Try it -
Read through the listing below and copy each line in which the word "operatorname" occurs.

Entries provided -

definition strictly_equivalent :: "(bit fps \<Rightarrow> 4) \<Rightarrow> (bit fps \<Rightarrow> 4) \<Rightarrow> bool" where
  "strictly_equivalent \<chi> \<psi> \<longleftrightarrow>
     (\<exists>u\<in>nottingham. \<chi> (fps_shift 1 u) = 0 \<and> \<psi> = act u \<chi>)"

end

theory Submission
  imports Defs
begin

text \<open>Every \<open>f \<in> U_1\<close> factors modulo \<open>U_b\<close> as a product of powers \<open>E_j^a_j\<close>, \<open>j < b\<close> odd,
  and for \<open>2j < b\<close> the exponent \<open>a_j\<close> is determined modulo 4: after cancelling common
  factors, a factor \<open>E_j^(w 2^k) = E_(j 2^k)^w\<close> (\<open>w\<close> odd) of lowest level \<open>j 2^k < b\<close> would
  give the quotient of two factorisations a nonzero coefficient in degree \<open>j 2^k\<close>.
  Reading off \<open>a_j\<close> modulo 4 yields the characters \<open>Zfrak j\<close>, and since
  \<open>\<chi>(E_(j 2^k)) = 2^k \<chi>(E_j)\<close>, a character is determined by its values on the \<open>E_j\<close>, \<open>j\<close> odd.

  For \<open>\<chi> = Zfrak 5 + 2 Zfrak 15\<close>, which vanishes on \<open>U_16\<close>, take
  \<open>u = t + t^4 + t^5 + t^8 + t^15\<close>. Modulo \<open>t^16\<close> we have \<open>u/t \<equiv> E_3 E_4 E_14\<close>, so
  \<open>\<chi>(u/t) = 0\<close>, and factoring \<open>1 + u^i = E_i \<circ> u\<close> for odd \<open>i < 16\<close> shows that
  \<open>f \<mapsto> \<chi>(f \<circ> u)\<close> is \<open>Zfrak 5 + 2 (Zfrak 11 + Zfrak 15)\<close>, whose value at \<open>E_11\<close> is 2.\<close>

unbundle fps_syntax

declare add_bit_eq_xor[simp del] mult_bit_eq_and[simp del]

lemma bit_add_self[simp]: "(a::bit) + a = 0"
  by (cases a) simp_all
(* For all integers $d\ge 3$ and $0\le j\le \left\lfloor \frac{3(d-1)}{2}\right\rfloor$, $$\operatorname{sign}(d,j)=\operatorname{triv}(d-2,j-3).$$
   Context: $\Bbbk$ is an algebraically closed field of characteristic $0$. For an integer $d\ge 1$, $A(d)=\Bbbk[x_1,x_2,x_3]/(x_1^d,x_2^d,x_3^d)=\bigoplus_j A(d)_j$ with its standard grading, where $A(d)_j=0$ for $j<0$ (so $A(1)=\Bbbk$ in degree $0$). $S_3$ acts on $A(d)$ by permuting variables. The linear map $E:A(d)_{j+1}\to A(d)_j$ is defined on the monomial basis by $E(x_1^{a_1}x_2^{a_2}x_3^{a_3})=\sum_{k=1}^{3} a_k(d-a_k)\,x_1^{a_1}\cdots x_k^{a_k-1}\cdots x_3^{a_3}$; it commutes with the $S_3$-action. $\operatorname{triv}(d,j)$ and $\operatorname{sign}(d,j)$ denote the multiplicities of the trivial and sign representations of $S_3$ in $\operatorname{Ker}(E)\cap A(d)_j$ (zero when $j<0$). *)

theory Defs
  imports Main "HOL-Library.Function_Algebras" "HOL-Combinatorics.Permutations" "HOL-Computational_Algebra.Polynomial"
begin

text \<open>A monomial x1^a0 x2^a1 x3^a2 is represented by its exponent vector
  a :: nat => nat, with a i = 0 for i >= 3 (variables indexed 0,1,2).
  An element of A(d) is a coefficient function on exponent vectors.\<close>

definition mons :: "nat \<Rightarrow> nat \<Rightarrow> (nat \<Rightarrow> nat) set" where
  "mons d j = {a. (\<forall>i<3. a i < d) \<and> (\<forall>i\<ge>3. a i = 0) \<and> a 0 + a 1 + a 2 = j}"

definition Acomp :: "nat \<Rightarrow> nat \<Rightarrow> ((nat \<Rightarrow> nat) \<Rightarrow> 'k::field) set" where
  "Acomp d j = {f. \<forall>a. a \<notin> mons d j \<longrightarrow> f a = 0}"

text \<open>Coefficient of the monomial b in E(x^a).\<close>
definition Ecoef :: "nat \<Rightarrow> (nat \<Rightarrow> nat) \<Rightarrow> (nat \<Rightarrow> nat) \<Rightarrow> 'k::field" where
  "Ecoef d a b = (\<Sum>k<3. if 1 \<le> a k \<and> b = a(k := a k - 1)
                          then of_nat (a k * (d - a k)) else 0)"

definition Emap :: "nat \<Rightarrow> nat \<Rightarrow> ((nat \<Rightarrow> nat) \<Rightarrow> 'k::field) \<Rightarrow> ((nat \<Rightarrow> nat) \<Rightarrow> 'k)" where
  "Emap d j f = (\<lambda>b. \<Sum>a\<in>mons d j. f a * Ecoef d a b)"

definition kerE :: "nat \<Rightarrow> nat \<Rightarrow> ((nat \<Rightarrow> nat) \<Rightarrow> 'k::field) set" where
  "kerE d j = {f \<in> Acomp d j. Emap d j f = (\<lambda>_. 0)}"

text \<open>Action of a permutation s of {0,1,2} (i.e. of S_3) on A(d):
  s sends x_i to x_(s i), hence (s.f)(b) = f (b o s).\<close>
definition act :: "(nat \<Rightarrow> nat) \<Rightarrow> ((nat \<Rightarrow> nat) \<Rightarrow> 'k) \<Rightarrow> ((nat \<Rightarrow> nat) \<Rightarrow> 'k)" where
  "act s f = (\<lambda>b. f (b \<circ> s))"

definition fscale :: "'k::field \<Rightarrow> ((nat \<Rightarrow> nat) \<Rightarrow> 'k) \<Rightarrow> ((nat \<Rightarrow> nat) \<Rightarrow> 'k)" where
  "fscale c f = (\<lambda>x. c * f x)"

text \<open>Multiplicity of the trivial representation = dim Hom_S3(triv, V) = dim of
  the S_3-fixed subspace; multiplicity of the sign representation = dim of the
  subspace on which S_3 acts by the sign character.\<close>
definition triv :: "'k::field itself \<Rightarrow> nat \<Rightarrow> int \<Rightarrow> nat" where
  "triv K d j = (if j < 0 then 0 else
     vector_space.dim (fscale :: 'k \<Rightarrow> _)
       {f \<in> (kerE d (nat j) :: ((nat \<Rightarrow> nat) \<Rightarrow> 'k) set).
          \<forall>s. s permutes {0,1,2::nat} \<longrightarrow> act s f = f})"

definition sgn_mult :: "'k::field itself \<Rightarrow> nat \<Rightarrow> int \<Rightarrow> nat" where
  "sgn_mult K d j = (if j < 0 then 0 else
     vector_space.dim (fscale :: 'k \<Rightarrow> _)
       {f \<in> (kerE d (nat j) :: ((nat \<Rightarrow> nat) \<Rightarrow> 'k) set).
          \<forall>s. s permutes {0,1,2::nat} \<longrightarrow> act s f = fscale (of_int (sign s)) f})"

definition alg_closed :: "'k::field itself \<Rightarrow> bool" where
  "alg_closed K \<longleftrightarrow> (\<forall>p :: 'k poly. degree p \<ge> 1 \<longrightarrow> (\<exists>x. poly p x = 0))"

end

theory Submission
  imports Defs
begin

text \<open>Let \<open>F\<close> be multiplication by \<open>x\<^sub>1 + x\<^sub>2 + x\<^sub>3\<close> on \<open>A(d)\<close>. On \<open>A(d)\<^sub>j\<close> the commutator
  \<open>[E, F]\<close> is the scalar \<open>3(d - 1) - 2j\<close>, so \<open>E\<close>, \<open>F\<close> behave like an \<open>sl\<^sub>2\<close>-pair and the
  usual eigenvalue argument shows that \<open>EF\<close> is injective on \<open>A(d)\<^sub>j\<close> whenever \<open>2j < 3(d - 1)\<close>.
  Both operators commute with \<open>S\<^sub>3\<close>, so in that range \<open>E\<close> maps the \<open>\<chi>\<close>-isotypic part of
  \<open>A(d)\<^sub>j\<^sub>+\<^sub>1\<close> onto that of \<open>A(d)\<^sub>j\<close>, and the multiplicity of \<open>\<chi>\<close> in \<open>Ker E\<close> is a difference
  of dimensions of isotypic parts. The sign part of \<open>A(d)\<^sub>j\<close> has a basis indexed by the
  strictly decreasing exponent triples, the trivial part one indexed by the weakly decreasing
  ones, and subtracting \<open>(2, 1, 0)\<close> maps the former for \<open>(d, j)\<close> bijectively onto the latter
  for \<open>(d - 2, j - 3)\<close>.\<close>

global_interpretation vs: vector_space "fscale :: 'k::field \<Rightarrow> ((nat \<Rightarrow> nat) \<Rightarrow> 'k) \<Rightarrow> _"
  by unfold_locales (auto simp: fscale_def algebra_simps fun_eq_iff)

section \<open>Rank--nullity inside a possibly infinite-dimensional vector space\<close>

context vector_space
begin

Reply to the task -
(* For all integers $d\ge 3$ and $0\le j\le \left\lfloor \frac{3(d-1)}{2}\right\rfloor$, $$\operatorname{sign}(d,j)=\operatorname{triv}(d-2,j-3).$$
   Context: $\Bbbk$ is an algebraically closed field of characteristic $0$. For an integer $d\ge 1$, $A(d)=\Bbbk[x_1,x_2,x_3]/(x_1^d,x_2^d,x_3^d)=\bigoplus_j A(d)_j$ with its standard grading, where $A(d)_j=0$ for $j<0$ (so $A(1)=\Bbbk$ in degree $0$). $S_3$ acts on $A(d)$ by permuting variables. The linear map $E:A(d)_{j+1}\to A(d)_j$ is defined on the monomial basis by $E(x_1^{a_1}x_2^{a_2}x_3^{a_3})=\sum_{k=1}^{3} a_k(d-a_k)\,x_1^{a_1}\cdots x_k^{a_k-1}\cdots x_3^{a_3}$; it commutes with the $S_3$-action. $\operatorname{triv}(d,j)$ and $\operatorname{sign}(d,j)$ denote the multiplicities of the trivial and sign representations of $S_3$ in $\operatorname{Ker}(E)\cap A(d)_j$ (zero when $j<0$). *)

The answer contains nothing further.